The textbook definition of a state is an entity that monopolises use of force or violence within a given territory. By this metric, Kenya barely qualifies as a coherent state.

Various groups apply violence with impunity – from gangs in urban areas to armed bandits in the countryside. Despite the Interior Ministry’s routinised chest-thumping, everyone knows that outside certain pockets of major urban areas the Kenyan state remains woefully weak.

In many places it is simply absent. The recent “clashes” in Laikipia and neighbouring counties illustrate this fact. The government has failed on multiple fronts. It lacked local intelligence to anticipate the attacks and failed to deter further attacks or swiftly apprehend those responsible.

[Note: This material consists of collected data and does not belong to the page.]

definition max_sol_I ::
  "nat \<Rightarrow> 'q set \<Rightarrow> 'q set \<Rightarrow> 'q trans set \<Rightarrow> ('q trans \<Rightarrow> rat) \<Rightarrow> ('q trans \<Rightarrow> int) \<Rightarrow> bool" where
  "max_sol_I d Q Qp T P x \<longleftrightarrow>
     sol_I d Q Qp T P x \<and>
     (\<forall>c\<in>{1..d}. (\<exists>x'. sol_I d Q Qp T P x' \<and> (\<Sum>t\<in>T. x' t * upd t c) > 0)
                   \<longrightarrow> (\<Sum>t\<in>T. x t * upd t c) > 0) \<and>
     (\<forall>t\<in>T. (\<exists>x'. sol_I d Q Qp T P x' \<and> x' t > 0) \<longrightarrow> x t > 0)"

definition eff :: "nat \<Rightarrow> (nat \<Rightarrow> int) \<Rightarrow> ('q \<Rightarrow> int) \<Rightarrow> 'q trans \<Rightarrow> int" where
  "eff d y z t = z (tgt t) - z (src t) + (\<Sum>i=1..d. upd t i * y i)"

definition prob_eff ::
  "nat \<Rightarrow> 'q trans set \<Rightarrow> ('q trans \<Rightarrow> rat) \<Rightarrow> (nat \<Rightarrow> int) \<Rightarrow> ('q \<Rightarrow> int) \<Rightarrow> 'q \<Rightarrow> rat" where
  "prob_eff d T P y z p = (\<Sum>t\<in>Out T p. P t * of_int (eff d y z t))"

definition sol_II ::
  "nat \<Rightarrow> 'q set \<Rightarrow> 'q set \<Rightarrow> 'q set \<Rightarrow> 'q trans set \<Rightarrow> ('q trans \<Rightarrow> rat)
   \<Rightarrow> (nat \<Rightarrow> int) \<Rightarrow> ('q \<Rightarrow> int) \<Rightarrow> bool" where
  "sol_II d Q Qn Qp T P y z \<longleftrightarrow>
     (\<forall>c\<in>{1..d}. y c \<ge> 0) \<and> (\<forall>q\<in>Q. z q \<ge> 0) \<and>
     (\<forall>t\<in>T. src t \<in> Qn \<longrightarrow> eff d y z t \<le> 0) \<and>
     (\<forall>p\<in>Qp. prob_eff d T P y z p \<le> 0)"

definition max_sol_II ::
  "nat \<Rightarrow> 'q set \<Rightarrow> 'q set \<Rightarrow> 'q set \<Rightarrow> 'q trans set \<Rightarrow> ('q trans \<Rightarrow> rat)
   \<Rightarrow> (nat \<Rightarrow> int) \<Rightarrow> ('q \<Rightarrow> int) \<Rightarrow> bool" where
  "max_sol_II d Q Qn Qp T P y z \<longleftrightarrow>
     sol_II d Q Qn Qp T P y z \<and>
     (\<forall>c\<in>{1..d}. (\<exists>y' z'. sol_II d Q Qn Qp T P y' z' \<and> y' c > 0) \<longrightarrow> y c > 0) \<and>
     (\<forall>t\<in>T. src t \<in> Qn \<longrightarrow>
        (\<exists>y' z'. sol_II d Q Qn Qp T P y' z' \<and> eff d y' z' t < 0) \<longrightarrow> eff d y z t < 0) \<and>
     (\<forall>p\<in>Qp. (\<exists>y' z'. sol_II d Q Qn Qp T P y' z' \<and> prob_eff d T P y' z' p < 0)
        \<longrightarrow> prob_eff d T P y z p < 0)"

end

theory Submission
  imports Defs
begin

text \<open>Systems (I) and (II) are dual homogeneous linear systems. Read (II) as linear
  inequalities in the unknowns (y, z), one row per counter (y(c) \<ge> 0), per nondeterministic
  transition and per probabilistic state. A nonnegative combination of these rows that vanishes
  is, after distributing the multiplier of a probabilistic state over its outgoing transitions
  according to P, exactly a rational solution of (I), and the multiplier of each row is the
  quantity in the matching objective of (I). By a Farkas-type alternative, for each row either
  some solution of (II) satisfies it strictly or some solution of (I) has a positive multiplier
  on it; clearing denominators gives integer solutions, and a maximal solution is strict
  wherever some solution is.\<close>

section \<open>A Farkas alternative over ordered fields\<close>

definition dotp :: "'v set \<Rightarrow> ('v \<Rightarrow> 'a::comm_semiring_0) \<Rightarrow> ('v \<Rightarrow> 'a) \<Rightarrow> 'a" where
  "dotp V a w = (\<Sum>j\<in>V. a j * w j)"

lemma dotp_diff_left:
  fixes u :: "'v \<Rightarrow> 'a::comm_ring"
  shows "dotp V (\<lambda>j. r * u j - s * w j) v = r * dotp V u v - s * dotp V w v"
  unfolding dotp_def by (simp add: left_diff_distrib sum_subtractf sum_distrib_left mult.assoc)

It also does not have the ability to enforce property rights over land, which is the root cause of the violence being experienced in the region. The Interior Ministry can shout all it wants about its determination to bring those causing chaos to book. But the fact is they have already irreparably failed Kenyans.

People died or lost property. And the Kenyan case was exposed as a patchwork leviathan that is effectively absent in large parts of the country.

The consequences of state weakness in Kenya will only get worse. Our increasingly complex economy will require a higher density of competent state presence – from regulators to law enforcement, to all manner of frontline bureaucrats.

Crises caused by infectious disease or climate change will demand more of the government than we can currently imagine. There is simply no way around it.

We need a government that understands the importance of state-building and which is proactive in providing essential services to Kenyans. A government that troubleshoots the implementation of curriculum reforms before it generates a public uproar or reorganises the administrative units to meet security needs of Kenyans. We are tired of a perennially reactive government that does not seem to understand its core mission.